**TRY IT:** Print, exactly as they appear in the listing below, the lines from the line with "[rh (i+1), rh" to the line with "rh (i+1), sg", with both end lines kept.
++++
definition vb_relators :: "nat \<Rightarrow> (vword \<times> vword) set" where
  "vb_relators n =
     {([sg i, sg j], [sg j, sg i]) | i j. 1 \<le> i \<and> i \<le> n - 1 \<and> 1 \<le> j \<and> j \<le> n - 1 \<and> (i + 2 \<le> j \<or> j + 2 \<le> i)}
   \<union> {([rh i, rh j], [rh j, rh i]) | i j. 1 \<le> i \<and> i \<le> n - 1 \<and> 1 \<le> j \<and> j \<le> n - 1 \<and> (i + 2 \<le> j \<or> j + 2 \<le> i)}
   \<union> {([sg i, rh j], [rh j, sg i]) | i j. 1 \<le> i \<and> i \<le> n - 1 \<and> 1 \<le> j \<and> j \<le> n - 1 \<and> (i + 2 \<le> j \<or> j + 2 \<le> i)}
   \<union> {([sg i, sg (i+1), sg i], [sg (i+1), sg i, sg (i+1)]) | i. 1 \<le> i \<and> i + 1 \<le> n - 1}
   \<union> {([rh i, rh (i+1), rh i], [rh (i+1), rh i, rh (i+1)]) | i. 1 \<le> i \<and> i + 1 \<le> n - 1}
   \<union> {([rh i, rh i], []) | i. 1 \<le> i \<and> i \<le> n - 1}
   \<union> {([rh i, rh (i+1), sg i], [sg (i+1), rh i, rh (i+1)]) | i. 1 \<le> i \<and> i + 1 \<le> n - 1}"

inductive_set vb_rel :: "nat \<Rightarrow> (vword \<times> vword) set" for n where
  refl: "w \<in> vb_words n \<Longrightarrow> (w, w) \<in> vb_rel n"
| sym: "(u, v) \<in> vb_rel n \<Longrightarrow> (v, u) \<in> vb_rel n"
| trans: "(u, v) \<in> vb_rel n \<Longrightarrow> (v, w) \<in> vb_rel n \<Longrightarrow> (u, w) \<in> vb_rel n"
| ctx: "(u, v) \<in> vb_rel n \<Longrightarrow> a \<in> vb_words n \<Longrightarrow> b \<in> vb_words n \<Longrightarrow> (a @ u @ b, a @ v @ b) \<in> vb_rel n"
| cancel: "x \<in> vb_letters n \<Longrightarrow> ([x, flip x], []) \<in> vb_rel n"
| relator: "(u, v) \<in> vb_relators n \<Longrightarrow> (u, v) \<in> vb_rel n"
++++
**ANSWER TO THIS PROBLEM:**
   \<union> {([rh i, rh (i+1), rh i], [rh (i+1), rh i, rh (i+1)]) | i. 1 \<le> i \<and> i + 1 \<le> n - 1}
   \<union> {([rh i, rh i], []) | i. 1 \<le> i \<and> i \<le> n - 1}
   \<union> {([rh i, rh (i+1), sg i], [sg (i+1), rh i, rh (i+1)]) | i. 1 \<le> i \<and> i + 1 \<le> n - 1}"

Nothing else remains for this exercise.